Голос миссис Даллас не мог принадлежать пожилой женщине. Да она уже и не была пожилой.
За спиной заверещал Герберт, но Грета не шелохнулась. Её конечности онемели, а кожа побелела и затвердела. Глаза больше не моргали и не вращались в глазницах. Девушка могла смотреть только перед собой.
Грета завалилась на спину, а затем резко взмыла к потолку. Безвольное тело пролетело рядом с люстрой, вращаемое и сгибаемое непреодолимой силой. Диван, кофейный столик, вазочки — всё казалось большим и далёким; брючины брата, свисавшие с сидушек, выглядели водопадами над паркетным морем, а вода незаметно разливалась по нему. Потом Грету усадили на тумбу у дивана и прислонили спиной к настольной лампе.
Мысли замедлились в скованном теле. Оставалось лишь наблюдать.
В поле зрения Греты вновь появилась миссис Даллас — по крайней мере, черноглазая женщина была в её халате. Усевшись на краю дивана, она с грацией пумы проползла к мальчишке, запутавшемуся во взрослом деловом костюме. Малыш испуганно вжался в подлокотник и натянул рубашку до подбородка, точно одеяло.
— Ми-ми-миссис Даллас, что со мной? — протянул мальчик, шмыгая носом и утирая навернувшиеся на глаза слёзы. — Где моя сестрёнка? Где Грета?
— Тише, Герберт, не плачь, — женщина прикрыла малышу рот, а затем запустила пальцы в его шевелюру, — она здесь, она рядом с нами. Скоро вы встретитесь. Пожалуйста, называй меня «тётя».
— Тётенька…
— О да… Обними меня, мальчик!
— Угу.
Черноокая ведьма зажмурилась и облизнулась, когда маленький испуганный комочек прижался к ней раскрасневшимся лицом.
— Как же вкусно ты дрожишь! — прошептала миссис Даллас, обхватывая голову Герберта.

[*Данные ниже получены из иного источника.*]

lemma schd_oracle_inequality:
  fixes G :: "'k::finite \<Rightarrow> 'p::finite set" and X :: "real^'p^'T::finite"
  assumes partition: "\<forall>k k'. k \<noteq> k' \<longrightarrow> G k \<inter> G k' = {}" "(\<Union>k. G k) = UNIV"
    and lam: "\<forall>k. lam k \<ge> 0"
    and gre: "GRE X G lam N \<kappa>" and \<kappa>: "\<kappa> > 0" and Ks: "card Ks \<le> N"
    and supp: "\<forall>k. k \<notin> Ks \<longrightarrow> Xg X (G k) \<phi>t = 0"
    and t: "schd_feasible X R G lam Y \<phi>t \<alpha>t vt"
    and h: "schd_min X R G lam Y \<phi>h \<alpha>h vh"
  shows "norm (X *v (\<phi>h - \<phi>t))
       \<le> norm (dmul Y (R *v (\<alpha>h - \<alpha>t))) + 4 * sqrt (\<Sum>k\<in>Ks. (lam k)\<^sup>2) / \<kappa>"
proof -
  define n where "n k = norm (Xg X (G k) (\<phi>h - \<phi>t))" for k
  define u where "u = dmul Y (R *v (\<alpha>h - \<alpha>t))"
  define e where "e = norm (X *v (\<phi>h - \<phi>t))"
  define S where "S = sqrt (\<Sum>k\<in>Ks. (lam k)\<^sup>2)"
  have cone: "(\<Sum>k\<in>-Ks. lam k * n k) \<le> (\<Sum>k\<in>Ks. lam k * n k)"
    unfolding n_def using h t
    by (intro schd_cone_condition[OF lam supp]) (auto simp: schd_min_def)
  have support_dominates: "(\<Sum>k\<in>UNIV. lam k * n k) \<le> 2 * (\<Sum>k\<in>Ks. lam k * n k)"
    using cone sum.union_disjoint[of Ks "-Ks" "\<lambda>k. lam k * n k"] by (simp add: Compl_partition)
  have cauchy_schwarz: "(\<Sum>k\<in>Ks. lam k * n k) \<le> S * sqrt (\<Sum>k\<in>Ks. (n k)\<^sup>2)"
    using L2_set_mult_ineq[of lam n Ks] lam by (simp add: S_def L2_set_def n_def)
  have "\<kappa>\<^sup>2 * (\<Sum>k\<in>Ks. (n k)\<^sup>2) \<le> e\<^sup>2"
    using gre Ks cone unfolding GRE_def n_def e_def by blast
  then have "\<kappa> * sqrt (\<Sum>k\<in>Ks. (n k)\<^sup>2) \<le> e"
    using \<kappa> real_sqrt_le_mono by (fastforce simp: real_sqrt_mult e_def)
  then have "S * sqrt (\<Sum>k\<in>Ks. (n k)\<^sup>2) \<le> S * (e / \<kappa>)"
    using \<kappa> by (intro mult_left_mono) (simp_all add: field_simps S_def sum_nonneg)
  with support_dominates cauchy_schwarz have "(\<Sum>k\<in>UNIV. lam k * n k) \<le> 2 * (S * (e / \<kappa>))"
    by linarith
  moreover have "(X *v (\<phi>h - \<phi>t)) \<bullet> u \<le> e * norm u"
    unfolding e_def by (rule norm_cauchy_schwarz)
  moreover have "e\<^sup>2 \<le> (X *v (\<phi>h - \<phi>t)) \<bullet> u + 2 * (\<Sum>k\<in>UNIV. lam k * n k)"
    using schd_feasible_pair_inequality[OF partition _ t] h
    unfolding schd_min_def n_def u_def e_def by blast
  ultimately have "e\<^sup>2 \<le> e * norm u + 2 * (2 * (S * (e / \<kappa>)))" by linarith
  also have "\<dots> = e * (norm u + 4 * S / \<kappa>)" by (simp add: algebra_simps)
  finally have "e\<^sup>2 \<le> e * (norm u + 4 * S / \<kappa>)" .
  moreover have "0 \<le> norm u + 4 * S / \<kappa>" using \<kappa> by (simp add: S_def sum_nonneg)
  ultimately have "e \<le> norm u + 4 * S / \<kappa>"
    by (cases "e = 0") (simp_all add: power2_eq_square e_def)
  then show ?thesis by (simp add: e_def u_def S_def)
qed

Грета не могла ни сомкнуть веки, ни отвернуться.
Могут ли куклы плакать?..
Окна и двери
— Ну, за здравие!
На этот раз я никого не позвал, никого не пригласил, пил один. Сам с собой чокался и выливал водяру в глотку, сначала из одной рюмки, потом из другой. Пил за двоих, получается. Так даже экономнее, я проверял. Меня хватает на пол-литра… ну, на литр, а потом… не знаю. Не помню.
Но так одиноко и тоскливо. И ёлочка голая в углу стоит. Ёлочка… Иголочка! Я тут последний огурец с солью доедаю, а у старух праздник! Новый год, чтоб его! К кому-то даже внуки приехали, а я тут… Ик!
Это ещё что? Только заикнулся о компании, и тут на тебе! То ли свинья рогатая, то ли козёл чёрный, то ли батюшка из соседнего села. Прилип к окну, чертяга, и смотрит.
— Эй, ты чё? Чё подсматриваешь?
А он не отвечает, только лыбится как негр из телевизора, ходячая реклама зубной пасты. Такая злость меня взяла на эту рожу, что я с дуру швырнул в окно бутылкой.
Окно лопнуло. Взорвалось и впустило лютый ветер! Я и пикнуть не успел, как меня подняло над землей и засосало в темноту. Искры вспыхнули перед глазами. Кажется, я ударился головой.
С секунду кругом грохотало и трещало. Похоже, я пробил собою стену.
Очнулся на утоптанном снегу. Луны не было, звёзд не было, но снег вокруг блестел так, будто я лежал под фонарём. Я поднялся и пошёл, куда глаза глядели. Света не хватало: в шаге от меня горело белым, а дальше — хоть глаз выколи. Ни сугробов, ни дорог, ни домов. Пустота.